◆ WORK REQUEST: A verbatim transcription of every record below is required.

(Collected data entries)
lemma nf_mon_uminus: "nf_mon m (- x) = - nf_mon m x"
  by (simp add: nf_mon_def single_uminus)

lemma nf_uminus: "nf (- f) = - nf f"
  by (simp add: nf_def nf_mon_uminus sum_negf)

lemma nf_diff: "nf (f - h) = nf f - nf h"
  using nf_add[of f "- h"] by (simp add: nf_uminus)

lemma nf_sum: "nf (sum F A) = (\<Sum>x\<in>A. nf (F x))"
  by (induction A rule: infinite_finite_induct) (simp_all add: nf_add)

lemma nf_single: "nf (Poly_Mapping.single m x) = nf_mon m x"
  by (cases "x = 0") (simp_all add: nf_def nf_mon_def)

lemma nf_mult_eq_0:
  assumes "\<And>n x. nf (Poly_Mapping.single n x * G) = 0"
  shows "nf (h * G) = 0"
proof -
  have "h * G = (\<Sum>m\<in>Poly_Mapping.keys h. Poly_Mapping.single m (Poly_Mapping.lookup h m) * G)"
    by (subst poly_mapping_sum_single[of h]) (simp add: sum_distrib_right)
  then show ?thesis
    by (simp add: nf_sum assms)
qed

lemma nf_single_mult_gen:
  assumes "G \<in> set (gens :: 'k::comm_ring_1 poly3 list)"
  shows "nf (Poly_Mapping.single n x * G) = 0"
proof -
  obtain i j k where n: "n = (i, j, k)" by (cases n)
  have "reduce (i, j + b, k) = reduce (i + B, j, k + g)"
    by (rule reduce_add_b)
  moreover have "\<not> standard (reduce (i + a, j, k))" and "\<not> standard (reduce (i, j, k + c))"
    and "\<not> standard (reduce (i + p, j + q, k))" and "\<not> standard (reduce (i, j + q, k + r))"
    using standard_reduceD by fastforce+
  ultimately show ?thesis
    using assms by (auto simp: gens_def n mult_single nf_single nf_mon_def right_diff_distrib nf_diff)
qed

lemma nf_eq_0_if_in_ideal: "f \<in> ideal_gen gens \<Longrightarrow> nf f = 0"
  unfolding ideal_gen_def by (auto simp: nf_sum intro!: sum.neutral nf_mult_eq_0 nf_single_mult_gen)

lemma single_minus_reduce_in_ideal:
  "Poly_Mapping.single m x - Poly_Mapping.single (reduce m) (x::'k::comm_ring_1) \<in> ideal_gen gens"
proof -
  have step: "Poly_Mapping.single (i, j + b, k) x - Poly_Mapping.single (i + B, j, k + g) (x::'k)
      \<in> ideal_gen gens" for i j k
  proof -
    have "Poly_Mapping.single (i, j, k) x * (gens ! 1) \<in> ideal_gen gens"
      by (intro ideal_gen_mult_left ideal_gen_generator) (simp add: gens_def)
    then show ?thesis
      by (simp add: gens_def right_diff_distrib mult_single)
  qed
  have iter: "Poly_Mapping.single (i, j + t * b, k) x - Poly_Mapping.single (i + t * B, j, k + t * g) (x::'k)
      \<in> ideal_gen gens" for i j k t
  proof (induction t arbitrary: i k)
    case 0
    then show ?case by (simp add: ideal_gen_zero)
  next
    case (Suc t)
    from ideal_gen_add[OF step[of i "j + t * b" k] Suc.IH[of "i + B" "k + g"]]
    show ?case by (simp add: algebra_simps)
  qed
  obtain i j k where m: "m = (i, j, k)" by (cases m)
  show ?thesis
    using iter[of i "j mod b" "j div b" k] by (simp add: m reduce_triple)
qed

lemma single_in_ideal_if_not_standard:
  assumes "j < b" and "\<not> standard (i, j, k)"
  shows "Poly_Mapping.single (i, j, k) (x::'k::comm_ring_1) \<in> ideal_gen gens"
proof -
  have multiple: "Poly_Mapping.single (i, j, k) x \<in> ideal_gen gens"
    if "Poly_Mapping.single e 1 \<in> set (gens :: 'k poly3 list)" and "(i, j, k) = e + n" for e n
  proof -
    have "Poly_Mapping.single n x * Poly_Mapping.single e 1 \<in> ideal_gen gens"
      using that by (intro ideal_gen_mult_left ideal_gen_generator)
    then show ?thesis
      using that by (simp add: mult_single add.commute)
  qed
  have "a \<le> i \<or> c \<le> k \<or> (p \<le> i \<and> q \<le> j) \<or> (q \<le> j \<and> r \<le> k)"
    using assms by (auto simp: standard_triple)
  then show ?thesis
  proof (elim disjE)
    assume "a \<le> i"
    then show ?thesis by (intro multiple[of "(a, 0, 0)" "(i - a, j, k)"]) (simp_all add: gens_def)
  next
    assume "c \<le> k"
    then show ?thesis by (intro multiple[of "(0, 0, c)" "(i, j, k - c)"]) (simp_all add: gens_def)
  next
    assume "p \<le> i \<and> q \<le> j"
    then show ?thesis by (intro multiple[of "(p, q, 0)" "(i - p, j - q, k)"]) (simp_all add: gens_def)
  next
    assume "q \<le> j \<and> r \<le> k"
    then show ?thesis by (intro multiple[of "(0, q, r)" "(i, j - q, k - r)"]) (simp_all add: gens_def)
  qed
qed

◆ RESPONSE TO THE EXERCISE:
lemma nf_mon_uminus: "nf_mon m (- x) = - nf_mon m x"
  by (simp add: nf_mon_def single_uminus)

lemma nf_uminus: "nf (- f) = - nf f"
  by (simp add: nf_def nf_mon_uminus sum_negf)

lemma nf_diff: "nf (f - h) = nf f - nf h"
  using nf_add[of f "- h"] by (simp add: nf_uminus)

lemma nf_sum: "nf (sum F A) = (\<Sum>x\<in>A. nf (F x))"
  by (induction A rule: infinite_finite_induct) (simp_all add: nf_add)

lemma nf_single: "nf (Poly_Mapping.single m x) = nf_mon m x"
  by (cases "x = 0") (simp_all add: nf_def nf_mon_def)

lemma nf_mult_eq_0:
  assumes "\<And>n x. nf (Poly_Mapping.single n x * G) = 0"
  shows "nf (h * G) = 0"
proof -
  have "h * G = (\<Sum>m\<in>Poly_Mapping.keys h. Poly_Mapping.single m (Poly_Mapping.lookup h m) * G)"
    by (subst poly_mapping_sum_single[of h]) (simp add: sum_distrib_right)
  then show ?thesis
    by (simp add: nf_sum assms)
qed

lemma nf_single_mult_gen:
  assumes "G \<in> set (gens :: 'k::comm_ring_1 poly3 list)"
  shows "nf (Poly_Mapping.single n x * G) = 0"
proof -
  obtain i j k where n: "n = (i, j, k)" by (cases n)
  have "reduce (i, j + b, k) = reduce (i + B, j, k + g)"
    by (rule reduce_add_b)
  moreover have "\<not> standard (reduce (i + a, j, k))" and "\<not> standard (reduce (i, j, k + c))"
    and "\<not> standard (reduce (i + p, j + q, k))" and "\<not> standard (reduce (i, j + q, k + r))"
    using standard_reduceD by fastforce+
  ultimately show ?thesis
    using assms by (auto simp: gens_def n mult_single nf_single nf_mon_def right_diff_distrib nf_diff)
qed

lemma nf_eq_0_if_in_ideal: "f \<in> ideal_gen gens \<Longrightarrow> nf f = 0"
  unfolding ideal_gen_def by (auto simp: nf_sum intro!: sum.neutral nf_mult_eq_0 nf_single_mult_gen)

lemma single_minus_reduce_in_ideal:
  "Poly_Mapping.single m x - Poly_Mapping.single (reduce m) (x::'k::comm_ring_1) \<in> ideal_gen gens"
proof -
  have step: "Poly_Mapping.single (i, j + b, k) x - Poly_Mapping.single (i + B, j, k + g) (x::'k)
      \<in> ideal_gen gens" for i j k
  proof -
    have "Poly_Mapping.single (i, j, k) x * (gens ! 1) \<in> ideal_gen gens"
      by (intro ideal_gen_mult_left ideal_gen_generator) (simp add: gens_def)
    then show ?thesis
      by (simp add: gens_def right_diff_distrib mult_single)
  qed
  have iter: "Poly_Mapping.single (i, j + t * b, k) x - Poly_Mapping.single (i + t * B, j, k + t * g) (x::'k)
      \<in> ideal_gen gens" for i j k t
  proof (induction t arbitrary: i k)
    case 0
    then show ?case by (simp add: ideal_gen_zero)
  next
    case (Suc t)
    from ideal_gen_add[OF step[of i "j + t * b" k] Suc.IH[of "i + B" "k + g"]]
    show ?case by (simp add: algebra_simps)
  qed
  obtain i j k where m: "m = (i, j, k)" by (cases m)
  show ?thesis
    using iter[of i "j mod b" "j div b" k] by (simp add: m reduce_triple)
qed

lemma single_in_ideal_if_not_standard:
  assumes "j < b" and "\<not> standard (i, j, k)"
  shows "Poly_Mapping.single (i, j, k) (x::'k::comm_ring_1) \<in> ideal_gen gens"
proof -
  have multiple: "Poly_Mapping.single (i, j, k) x \<in> ideal_gen gens"
    if "Poly_Mapping.single e 1 \<in> set (gens :: 'k poly3 list)" and "(i, j, k) = e + n" for e n
  proof -
    have "Poly_Mapping.single n x * Poly_Mapping.single e 1 \<in> ideal_gen gens"
      using that by (intro ideal_gen_mult_left ideal_gen_generator)
    then show ?thesis
      using that by (simp add: mult_single add.commute)
  qed
  have "a \<le> i \<or> c \<le> k \<or> (p \<le> i \<and> q \<le> j) \<or> (q \<le> j \<and> r \<le> k)"
    using assms by (auto simp: standard_triple)
  then show ?thesis
  proof (elim disjE)
    assume "a \<le> i"
    then show ?thesis by (intro multiple[of "(a, 0, 0)" "(i - a, j, k)"]) (simp_all add: gens_def)
  next
    assume "c \<le> k"
    then show ?thesis by (intro multiple[of "(0, 0, c)" "(i, j, k - c)"]) (simp_all add: gens_def)
  next
    assume "p \<le> i \<and> q \<le> j"
    then show ?thesis by (intro multiple[of "(p, q, 0)" "(i - p, j - q, k)"]) (simp_all add: gens_def)
  next
    assume "q \<le> j \<and> r \<le> k"
    then show ?thesis by (intro multiple[of "(0, q, r)" "(i, j - q, k - r)"]) (simp_all add: gens_def)
  qed
qed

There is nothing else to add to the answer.